Europe regulators put pressure on rate parity
 
Europe regulators put pressure on rate parity
12 JANUARY 2015 9:17 AM
Rate parity agreements might be coming to a head in Europe, but few truly believe the situation will change soon.
GLOBAL REPORT—Antitrust legislators throughout the European Union are pushing major online travel agencies to amend their rate parity agreements to allow for more competition among suppliers and distributors.
 
The first resolution came to head on 9 January when the Higher Regional Court of Düsseldorf held up a court-imposed December 2013 decision against German OTA Hotel Reservation Service that it would no longer be permitted to use parity clauses.
 
At the time legislators first took action against HRS, it was Germany’s largest OTA. The decision represents another step closer to the demise of rate parity clauses, under which hoteliers must chart the same rate on brand.com as they do on third-party distributors. In January 2014, the United Kingdom’s now defunct Office of Fair Trading ruled hoteliers could circumvent existing parity clauses by charging discounted rates to “closed” or “fenced” groups, such as loyalty members or users of certain mobile apps like HotelTonight.
 
As with HRS, Booking.com is under intense scrutiny as well, with pressure coming from regulators in France, Italy and Sweden. The OTA responded 15 December with a pledge to modify its rate parity agreements with hotels in Europe, allowing them to charge discounted rates on other third-party suppliers. The notice was announced through a filing with the U.S. Securities and Exchange Commission.
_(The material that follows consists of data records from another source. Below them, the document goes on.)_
(* Let $e[r]$ be an affine function of $r$ with $e[1]>0$ and $e[-1]>0$. The set $U$ is convex and its closure splits as $\overline U=K_-'\cup\overline U_0\cup K_+'$. In particular $K\subset\overline U$.
   Context: Let $n\ge2$, $\mathcal S_0^{n\times n}$ the trace-free symmetric matrices, $Z:=\mathbb{R}\times\mathbb{R}^n\times\mathbb{R}^n\times\mathcal S_0^{n\times n}\times\mathbb{R}$ with elements $z=(\rho,v,m,\sigma,p)$. $K:=\{z:\rho\in\{\pm1\},m=\rho v,v\otimes v-\sigma=e[\rho]\mathrm{Id}\}$. For $\rho\in(-1,1)$: $M(z)=\frac{v\otimes v-\rho(m\otimes v+v\otimes m)+m\otimes m}{1-\rho^2}-\sigma$, $Q(z)=\lambda_{\max}(M(z))$, $T_\pm(z)=\frac{|m\pm v|^2}{n(\rho\pm1)^2}$. $U:=\{z:\rho\in(-1,1),T_\pm(z)<e[\pm1],Q(z)<e[\rho]\}$, $\overline U_0:=\{z:\rho\in(-1,1),T_\pm(z)\le e[\pm1],Q(z)\le e[\rho]\}$, $K_\pm':=\{z:\rho=\pm1,m=\pm v,\lambda_{\max}(v\otimes v-\sigma)\le e[\pm1]\}$. *)

theory Defs
  imports "HOL-Analysis.Analysis"
begin

type_synonym ('n) zpt = "real \<times> (real^'n) \<times> (real^'n) \<times> (real^'n^'n) \<times> real"

definition outer :: "real^('n::finite) \<Rightarrow> real^'n \<Rightarrow> real^'n^'n" where
  "outer u w = (\<chi> i j. u$i * w$j)"

definition sym_tracefree :: "real^('n::finite)^'n \<Rightarrow> bool" where
  "sym_tracefree A \<longleftrightarrow> transpose A = A \<and> (\<Sum>i\<in>UNIV. A$i$i) = 0"

definition Zset :: "('n::finite) zpt set" where
  "Zset = {(\<rho>, v, m, \<sigma>, p). sym_tracefree \<sigma>}"

definition lambda_max :: "real^('n::finite)^'n \<Rightarrow> real" where
  "lambda_max A = Max {c. \<exists>x. x \<noteq> 0 \<and> A *v x = c *\<^sub>R x}"

definition Mz :: "('n::finite) zpt \<Rightarrow> real^'n^'n" where
  "Mz z = (case z of (\<rho>, v, m, \<sigma>, p) \<Rightarrow>
     (1 / (1 - \<rho>^2)) *\<^sub>R (outer v v - \<rho> *\<^sub>R (outer m v + outer v m) + outer m m) - \<sigma>)"

definition Qz :: "('n::finite) zpt \<Rightarrow> real" where
  "Qz z = lambda_max (Mz z)"

definition Tplus :: "('n::finite) zpt \<Rightarrow> real" where
  "Tplus z = (case z of (\<rho>, v, m, \<sigma>, p) \<Rightarrow>
     (norm (m + v))^2 / (real CARD('n) * (\<rho> + 1)^2))"

definition Tminus :: "('n::finite) zpt \<Rightarrow> real" where
  "Tminus z = (case z of (\<rho>, v, m, \<sigma>, p) \<Rightarrow>
     (norm (m - v))^2 / (real CARD('n) * (\<rho> - 1)^2))"

definition Kset :: "(real \<Rightarrow> real) \<Rightarrow> ('n::finite) zpt set" where
  "Kset e = {z \<in> Zset. case z of (\<rho>, v, m, \<sigma>, p) \<Rightarrow>
     (\<rho> = 1 \<or> \<rho> = -1) \<and> m = \<rho> *\<^sub>R v \<and> outer v v - \<sigma> = e \<rho> *\<^sub>R mat 1}"

definition Uset :: "(real \<Rightarrow> real) \<Rightarrow> ('n::finite) zpt set" where
  "Uset e = {z \<in> Zset. case z of (\<rho>, v, m, \<sigma>, p) \<Rightarrow>
     -1 < \<rho> \<and> \<rho> < 1 \<and> Tplus z < e 1 \<and> Tminus z < e (-1) \<and> Qz z < e \<rho>}"

definition U0bar :: "(real \<Rightarrow> real) \<Rightarrow> ('n::finite) zpt set" where
  "U0bar e = {z \<in> Zset. case z of (\<rho>, v, m, \<sigma>, p) \<Rightarrow>
     -1 < \<rho> \<and> \<rho> < 1 \<and> Tplus z \<le> e 1 \<and> Tminus z \<le> e (-1) \<and> Qz z \<le> e \<rho>}"

definition Kplus' :: "(real \<Rightarrow> real) \<Rightarrow> ('n::finite) zpt set" where
  "Kplus' e = {z \<in> Zset. case z of (\<rho>, v, m, \<sigma>, p) \<Rightarrow>
     \<rho> = 1 \<and> m = v \<and> lambda_max (outer v v - \<sigma>) \<le> e 1}"

definition Kminus' :: "(real \<Rightarrow> real) \<Rightarrow> ('n::finite) zpt set" where
  "Kminus' e = {z \<in> Zset. case z of (\<rho>, v, m, \<sigma>, p) \<Rightarrow>
     \<rho> = -1 \<and> m = - v \<and> lambda_max (outer v v - \<sigma>) \<le> e (-1)}"

end

theory Submission
  imports Defs
begin

(* Write a = x \<bullet> v and b = x \<bullet> m. For -1 < \<rho> < 1 the quadratic form of M(z) is
   x \<mapsto> (a + b)\<^sup>2 / (2 (1 + \<rho>)) + (a - b)\<^sup>2 / (2 (1 - \<rho>)) - x \<bullet> \<sigma> x,
   a sum of perspectives s\<^sup>2 / r of the square, hence jointly convex in (\<rho>, v, m, \<sigma>) for every
   fixed x. The top eigenvalue of a symmetric matrix is the attained maximum of its Rayleigh quotient,
   so Q(z) < e[\<rho>] says that this form stays below e[\<rho>] |x|\<^sup>2 for all x \<noteq> 0, and T\<^sub>\<plusminus> < e[\<plusminus>1] reads
   |m \<plusminus> v| < sqrt (n e[\<plusminus>1]) (1 \<plusminus> \<rho>). As e is affine, every condition defining U is a strict
   sublevel condition of a convex function; so mixing a point of U with positive weight and a point
   satisfying the non-strict conditions lands in U again.

   The non-strict conditions with cleared denominators cut out a closed set containing U. Where
   \<rho> = \<plusminus>1 they force m = \<plusminus>v and \<lambda>\<^sub>m\<^sub>a\<^sub>x(v \<otimes> v - \<sigma>) \<le> e[\<plusminus>1], so this set is K\<^sub>-' \<union> U0bar \<union> K\<^sub>+';
   conversely, points of K\<^sub>\<plusminus>' satisfy them (tracing, with tr \<sigma> = 0, gives |v|\<^sup>2 \<le> n e[\<plusminus>1]) and are
   limits of their mixtures with the origin, which lies in U. *)

lemma transpose_add: "transpose (A + B) = transpose A + transpose (B :: 'a::semiring_1^'n^'m)"
  by (simp add: transpose_def vec_eq_iff)

lemma transpose_diff: "transpose (A - B) = transpose A - transpose (B :: 'a::ring_1^'n^'m)"
  by (simp add: transpose_def vec_eq_iff)

lemma continuous_on_transpose [continuous_intros]:
  fixes f :: "'a::topological_space \<Rightarrow> real^'n::finite^'m::finite"
  shows "continuous_on S f \<Longrightarrow> continuous_on S (\<lambda>z. transpose (f z))"
  unfolding transpose_def by (intro continuous_intros)

lemma continuous_on_matrix_vector_mult_left [continuous_intros]:
  fixes f :: "'a::topological_space \<Rightarrow> real^'n::finite^'m::finite"
  shows "continuous_on S f \<Longrightarrow> continuous_on S (\<lambda>z. f z *v x)"
  unfolding matrix_vector_mult_def by (intro continuous_intros)

lemma outer_matrix_vector_mult: "outer u w *v x = (w \<bullet> x) *\<^sub>R u"
  by (simp add: vec_eq_iff matrix_vector_mult_def outer_def inner_vec_def sum_distrib_left mult_ac)

lemma inner_outer_matrix_vector_mult: "x \<bullet> (outer u w *v x) = (x \<bullet> u) * (x \<bullet> w)"
  by (simp add: outer_matrix_vector_mult inner_commute)

lemma transpose_outer: "transpose (outer u w) = outer w u"
  by (simp add: transpose_def outer_def vec_eq_iff mult.commute)

lemma symmetric_outer_minus:
  "transpose \<sigma> = \<sigma> \<Longrightarrow> transpose (outer v v - \<sigma>) = outer v v - \<sigma>"
  by (simp add: transpose_diff transpose_outer)

lemma sym_tracefree_transpose: "sym_tracefree \<sigma> \<Longrightarrow> transpose \<sigma> = \<sigma>"
  by (simp add: sym_tracefree_def)

lemma sym_tracefree_combination:
  "sym_tracefree A \<Longrightarrow> sym_tracefree B \<Longrightarrow> sym_tracefree (a *\<^sub>R A + b *\<^sub>R B)"
  by (simp add: sym_tracefree_def transpose_add transpose_scalar sum.distrib flip: sum_distrib_left)

section \<open>Largest eigenvalue of a symmetric matrix\<close>

lemma symmetric_inner_matrix_vector_mult:
  fixes A :: "real^'n::finite^'n"
  assumes "transpose A = A"
  shows "x \<bullet> (A *v y) = (A *v x) \<bullet> y"
  by (metis assms dot_lmul_matrix inner_commute transpose_matrix_vector)

lemma finite_eigenvalues_symmetric:
  fixes A :: "real^'n::finite^'n"
  assumes "transpose A = A"
  shows "finite {c. \<exists>x. x \<noteq> 0 \<and> A *v x = c *\<^sub>R x}" (is "finite ?S")
proof -
  define f where "f c = (SOME x. x \<noteq> 0 \<and> A *v x = c *\<^sub>R x)" for c
  have f: "f c \<noteq> 0" "A *v f c = c *\<^sub>R f c" if "c \<in> ?S" for c
    using someI_ex[OF that[unfolded mem_Collect_eq]] by (simp_all add: f_def)
  have inj: "inj_on f ?S"
  proof (rule inj_onI)
    fix c d assume c: "c \<in> ?S" and d: "d \<in> ?S" and "f c = f d"
    then have "c *\<^sub>R f c = d *\<^sub>R f c" using f(2)[OF c] f(2)[OF d] by metis
    then show "c = d" using f(1)[OF c] by simp
  qed
  have "pairwise orthogonal (f ` ?S)"
  proof (rule pairwise_imageI)
    fix c d assume c: "c \<in> ?S" and d: "d \<in> ?S" and "f c \<noteq> f d"
    then have "c \<noteq> d" by blast
    have "c * (f c \<bullet> f d) = (A *v f c) \<bullet> f d" using f(2)[OF c] by simp
    also have "\<dots> = f c \<bullet> (A *v f d)" by (rule symmetric_inner_matrix_vector_mult[OF assms, symmetric])
    also have "\<dots> = d * (f c \<bullet> f d)" using f(2)[OF d] by simp
    finally have "(c - d) * (f c \<bullet> f d) = 0" by (simp add: algebra_simps)
    with \<open>c \<noteq> d\<close> show "orthogonal (f c) (f d)" by (simp add: orthogonal_def)
  qed
  moreover have "0 \<notin> f ` ?S" using f(1) by fastforce
  ultimately have "independent (f ` ?S)" by (rule pairwise_orthogonal_independent)
  then have "finite (f ` ?S)" using independent_bound by blast
  then show ?thesis using inj by (rule finite_imageD)
qed

lemma quadratic_nonneg_imp_linear_coeff_zero:
  fixes a b :: real
  assumes "\<And>t. 0 \<le> 2 * t * a + t\<^sup>2 * b"
  shows "a = 0"
proof -
  have "0 \<le> b" using assms[of 1] assms[of "-1"] by simp
  define t where "t = - a / (b + 1)"
  have t: "t * (b + 1) = - a" using \<open>0 \<le> b\<close> by (simp add: t_def)
  have "0 \<le> (2 * t * a + t\<^sup>2 * b) * (b + 1)\<^sup>2" using assms by simp
  also have "\<dots> = 2 * a * (t * (b + 1)) * (b + 1) + (t * (b + 1))\<^sup>2 * b"
    by (simp add: power2_eq_square algebra_simps)
  also have "\<dots> = - a\<^sup>2 * (b + 2)"
    unfolding t by (simp add: power2_eq_square algebra_simps)
  finally have "a\<^sup>2 * (b + 2) \<le> 0" by simp
  then have "a\<^sup>2 \<le> 0" using \<open>0 \<le> b\<close> by (simp add: mult_le_0_iff)
  then show "a = 0" by simp
qed

lemma psd_quadratic_form_zero_imp_kernel:
  fixes B :: "real^'n::finite^'n"
  assumes "transpose B = B" and psd: "\<And>y. 0 \<le> y \<bullet> (B *v y)" and "x \<bullet> (B *v x) = 0"
  shows "B *v x = 0"
proof -
  let ?w = "B *v x"
  have "(x + t *\<^sub>R ?w) \<bullet> (B *v (x + t *\<^sub>R ?w)) = 2 * t * (?w \<bullet> ?w) + t\<^sup>2 * (?w \<bullet> (B *v ?w))" for t
    using assms(3) symmetric_inner_matrix_vector_mult[OF assms(1), of x ?w]
    by (simp add: algebra_simps inner_add_left inner_add_right inner_commute power2_eq_square)
  then have "?w \<bullet> ?w = 0"
    using psd by (intro quadratic_nonneg_imp_linear_coeff_zero[where b = "?w \<bullet> (B *v ?w)"]) metis
  then show ?thesis by simp
qed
Priceline Group is listed on the U.S.-based NASDAQ.
 
In a 9 January press release following the Düsseldorf court’s decision, Andreas Mundt, president of the Bundeskartellamt (the court that made the December 2013 ruling), said the court would “now quickly pursue our current proceedings against the ‘best price’ clauses of Booking and Expedia, HRS’s competitors.”
 
Phone calls to Booking.com were not returned before press time.
 
The booking bluff
Sources said little would change as a result of the Booking.com amendment. 
 
“New rules could see a downward spiral on rate, but no hotel would want to discount every price,” said  Frank C. Braun, director of revenue management at the 278-key Hotel Palace Berlin, an independent that is under soft brand Leading Hotels of the World.
 
He did not believe any legislation that would force OTAs to change the way they operate would put more pressure on hoteliers, despite his fear that new rules would possibly lead to all sides needing to adopt increasingly aggressive business tactics.
 
“Revenue managers are in a situation where they need to better understand their segments and markets. It’s often as simple as that. We rely on OTAs, even though we would wish to stick to a system of rate parity price-wise,” he said.
 
Braun said there is a general view the larger OTAs do an excellent job and that a bigger argument is more one of having sensible commissions rather than stricter regulations on rate parity.
 
Smaller OTAs and revenue-management consultants also feel little change will result from antitrust legislation.
 
“The cynical side of me might believe they are playing the authorities off one another,” said Dorian Harris, the CEO of U.K. OTA Skoosh, which brought the original case to the attention of antitrust authorities in 2010.
 
Remko West, COO and co-founder of revenue and asset management consultancy Xotels, said under the new rules the pricing game will be more competitive. He doubted, however, hoteliers will utilize the opportunities to offer lower rates on OTAs other than Booking.com.
 
“Ultimately, this is a question about marketing, not legality. OTAs a long time ago instigated tactics to get better rates,” West said.
 
“And the OTAs will continue manually influencing ranking on their pages, which the hotels obviously will not be in favor of,” West added.
 
Harris compared the treatment larger OTAs were receiving to how banks were treated during the recession, as though they were too big to fail.
 
“It’s in Priceline and Expedia’s interest to drag this out and not cut into their margins. If they can do so for another two years and in that time reorganize, then they would have done a good job,” Harris added, who added he also does not believe the hotel chains wanted to put downward pressure on rates.